Records from a collection
== Segment start ==

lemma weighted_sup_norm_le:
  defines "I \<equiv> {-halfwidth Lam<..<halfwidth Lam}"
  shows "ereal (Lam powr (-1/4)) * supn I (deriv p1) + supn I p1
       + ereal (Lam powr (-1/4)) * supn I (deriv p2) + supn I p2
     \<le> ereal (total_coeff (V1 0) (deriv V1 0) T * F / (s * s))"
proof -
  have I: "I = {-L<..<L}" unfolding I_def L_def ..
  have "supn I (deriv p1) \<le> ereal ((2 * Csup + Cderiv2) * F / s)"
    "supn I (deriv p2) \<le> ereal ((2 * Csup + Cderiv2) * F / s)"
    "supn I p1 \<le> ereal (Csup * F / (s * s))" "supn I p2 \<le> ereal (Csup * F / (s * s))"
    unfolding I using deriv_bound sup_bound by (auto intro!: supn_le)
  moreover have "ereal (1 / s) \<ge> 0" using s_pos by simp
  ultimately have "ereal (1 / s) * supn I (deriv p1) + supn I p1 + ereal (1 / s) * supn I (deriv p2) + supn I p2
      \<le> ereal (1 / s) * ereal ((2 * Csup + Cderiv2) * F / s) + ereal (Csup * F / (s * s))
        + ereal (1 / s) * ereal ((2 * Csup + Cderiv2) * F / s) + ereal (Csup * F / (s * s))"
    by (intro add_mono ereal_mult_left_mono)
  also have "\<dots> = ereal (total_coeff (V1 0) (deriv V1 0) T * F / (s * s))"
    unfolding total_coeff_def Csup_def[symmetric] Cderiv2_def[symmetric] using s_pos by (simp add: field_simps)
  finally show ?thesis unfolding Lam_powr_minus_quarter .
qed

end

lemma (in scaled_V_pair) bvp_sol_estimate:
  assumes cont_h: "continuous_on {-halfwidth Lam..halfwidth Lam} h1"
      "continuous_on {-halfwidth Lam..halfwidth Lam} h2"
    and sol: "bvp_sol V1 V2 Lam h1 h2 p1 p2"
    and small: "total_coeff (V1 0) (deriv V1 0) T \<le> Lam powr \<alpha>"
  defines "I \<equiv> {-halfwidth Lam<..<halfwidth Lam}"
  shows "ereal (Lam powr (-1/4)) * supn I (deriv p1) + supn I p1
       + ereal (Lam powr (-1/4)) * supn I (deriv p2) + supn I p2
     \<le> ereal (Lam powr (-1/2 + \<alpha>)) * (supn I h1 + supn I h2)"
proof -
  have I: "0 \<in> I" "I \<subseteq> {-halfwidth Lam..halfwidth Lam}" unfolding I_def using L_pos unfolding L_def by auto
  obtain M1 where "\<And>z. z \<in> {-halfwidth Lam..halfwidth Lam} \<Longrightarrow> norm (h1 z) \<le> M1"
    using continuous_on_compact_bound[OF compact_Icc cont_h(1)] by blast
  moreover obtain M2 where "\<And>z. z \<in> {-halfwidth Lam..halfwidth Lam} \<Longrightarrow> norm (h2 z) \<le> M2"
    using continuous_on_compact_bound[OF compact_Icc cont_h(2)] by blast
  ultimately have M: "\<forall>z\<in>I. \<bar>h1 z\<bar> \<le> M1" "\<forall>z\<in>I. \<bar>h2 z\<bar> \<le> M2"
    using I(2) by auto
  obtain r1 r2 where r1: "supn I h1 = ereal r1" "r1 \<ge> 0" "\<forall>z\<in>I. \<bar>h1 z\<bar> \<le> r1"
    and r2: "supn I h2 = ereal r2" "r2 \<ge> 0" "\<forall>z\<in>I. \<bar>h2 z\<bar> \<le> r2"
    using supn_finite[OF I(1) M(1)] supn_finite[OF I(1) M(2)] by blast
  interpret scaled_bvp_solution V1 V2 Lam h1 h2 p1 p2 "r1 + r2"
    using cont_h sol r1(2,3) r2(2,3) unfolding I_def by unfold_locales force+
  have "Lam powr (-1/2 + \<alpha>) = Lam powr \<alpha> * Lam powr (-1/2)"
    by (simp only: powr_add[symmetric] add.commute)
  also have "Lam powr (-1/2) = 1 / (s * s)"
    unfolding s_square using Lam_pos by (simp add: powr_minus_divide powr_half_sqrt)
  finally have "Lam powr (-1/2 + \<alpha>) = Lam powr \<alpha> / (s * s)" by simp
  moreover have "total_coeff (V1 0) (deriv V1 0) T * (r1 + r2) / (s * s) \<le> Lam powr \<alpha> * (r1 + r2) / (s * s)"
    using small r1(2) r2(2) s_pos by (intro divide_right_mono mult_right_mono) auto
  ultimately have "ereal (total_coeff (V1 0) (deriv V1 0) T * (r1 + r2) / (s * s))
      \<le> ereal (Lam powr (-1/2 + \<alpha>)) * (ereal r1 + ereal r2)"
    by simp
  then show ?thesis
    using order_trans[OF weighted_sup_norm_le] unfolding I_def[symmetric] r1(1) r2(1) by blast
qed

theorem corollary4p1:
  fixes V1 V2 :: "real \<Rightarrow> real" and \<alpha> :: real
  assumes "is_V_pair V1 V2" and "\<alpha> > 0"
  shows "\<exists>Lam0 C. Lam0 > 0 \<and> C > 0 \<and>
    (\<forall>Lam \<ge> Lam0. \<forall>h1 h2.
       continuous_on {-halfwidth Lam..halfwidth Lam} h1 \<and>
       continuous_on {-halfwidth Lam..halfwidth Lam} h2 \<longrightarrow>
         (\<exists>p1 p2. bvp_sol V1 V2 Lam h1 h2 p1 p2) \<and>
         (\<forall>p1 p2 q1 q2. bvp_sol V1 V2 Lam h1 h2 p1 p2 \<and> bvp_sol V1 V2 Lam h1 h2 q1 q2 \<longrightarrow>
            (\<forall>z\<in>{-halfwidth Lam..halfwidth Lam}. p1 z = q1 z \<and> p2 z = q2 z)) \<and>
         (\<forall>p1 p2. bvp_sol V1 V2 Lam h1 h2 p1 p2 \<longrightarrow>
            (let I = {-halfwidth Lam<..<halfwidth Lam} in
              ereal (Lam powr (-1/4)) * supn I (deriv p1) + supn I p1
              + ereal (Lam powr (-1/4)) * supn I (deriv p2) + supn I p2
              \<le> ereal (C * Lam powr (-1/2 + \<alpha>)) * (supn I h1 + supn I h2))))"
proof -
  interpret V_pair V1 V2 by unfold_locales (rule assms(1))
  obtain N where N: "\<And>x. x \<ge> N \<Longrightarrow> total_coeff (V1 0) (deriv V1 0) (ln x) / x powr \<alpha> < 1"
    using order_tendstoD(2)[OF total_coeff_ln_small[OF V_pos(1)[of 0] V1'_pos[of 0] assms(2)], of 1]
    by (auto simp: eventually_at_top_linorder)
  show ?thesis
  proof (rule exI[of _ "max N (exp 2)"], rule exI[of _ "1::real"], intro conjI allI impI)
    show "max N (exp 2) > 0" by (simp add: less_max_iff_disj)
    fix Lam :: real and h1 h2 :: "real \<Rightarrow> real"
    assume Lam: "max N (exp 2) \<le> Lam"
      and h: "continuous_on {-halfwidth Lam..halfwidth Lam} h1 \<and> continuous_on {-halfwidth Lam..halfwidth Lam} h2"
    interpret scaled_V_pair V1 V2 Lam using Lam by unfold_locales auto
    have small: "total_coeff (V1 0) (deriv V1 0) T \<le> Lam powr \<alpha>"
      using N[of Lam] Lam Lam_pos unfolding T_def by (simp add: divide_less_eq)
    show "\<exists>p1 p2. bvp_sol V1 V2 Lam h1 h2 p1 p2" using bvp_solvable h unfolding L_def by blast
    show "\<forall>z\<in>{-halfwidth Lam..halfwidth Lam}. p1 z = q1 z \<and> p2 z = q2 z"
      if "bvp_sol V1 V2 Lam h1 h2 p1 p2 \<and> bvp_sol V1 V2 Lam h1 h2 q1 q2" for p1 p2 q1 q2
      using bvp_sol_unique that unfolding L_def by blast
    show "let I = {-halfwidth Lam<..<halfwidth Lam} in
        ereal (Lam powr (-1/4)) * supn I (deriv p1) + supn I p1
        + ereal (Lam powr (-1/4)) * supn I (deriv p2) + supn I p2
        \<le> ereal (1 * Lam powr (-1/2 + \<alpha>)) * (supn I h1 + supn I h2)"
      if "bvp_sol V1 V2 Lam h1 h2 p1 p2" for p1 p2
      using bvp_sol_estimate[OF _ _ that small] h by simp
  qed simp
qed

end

== Segment end ==

What the task requires »
Among the records above, extract exactly the lines from the line with "by (simp only: powr_add[symmetric]" to the line with "(\<forall>p1 p2 q1", both lines included, and leave out the rest.

Response to the exercise »
    by (simp only: powr_add[symmetric] add.commute)
  also have "Lam powr (-1/2) = 1 / (s * s)"
    unfolding s_square using Lam_pos by (simp add: powr_minus_divide powr_half_sqrt)
  finally have "Lam powr (-1/2 + \<alpha>) = Lam powr \<alpha> / (s * s)" by simp
  moreover have "total_coeff (V1 0) (deriv V1 0) T * (r1 + r2) / (s * s) \<le> Lam powr \<alpha> * (r1 + r2) / (s * s)"
    using small r1(2) r2(2) s_pos by (intro divide_right_mono mult_right_mono) auto
  ultimately have "ereal (total_coeff (V1 0) (deriv V1 0) T * (r1 + r2) / (s * s))
      \<le> ereal (Lam powr (-1/2 + \<alpha>)) * (ereal r1 + ereal r2)"
    by simp
  then show ?thesis
    using order_trans[OF weighted_sup_norm_le] unfolding I_def[symmetric] r1(1) r2(1) by blast
qed

theorem corollary4p1:
  fixes V1 V2 :: "real \<Rightarrow> real" and \<alpha> :: real
  assumes "is_V_pair V1 V2" and "\<alpha> > 0"
  shows "\<exists>Lam0 C. Lam0 > 0 \<and> C > 0 \<and>
    (\<forall>Lam \<ge> Lam0. \<forall>h1 h2.
       continuous_on {-halfwidth Lam..halfwidth Lam} h1 \<and>
       continuous_on {-halfwidth Lam..halfwidth Lam} h2 \<longrightarrow>
         (\<exists>p1 p2. bvp_sol V1 V2 Lam h1 h2 p1 p2) \<and>
         (\<forall>p1 p2 q1 q2. bvp_sol V1 V2 Lam h1 h2 p1 p2 \<and> bvp_sol V1 V2 Lam h1 h2 q1 q2 \<longrightarrow>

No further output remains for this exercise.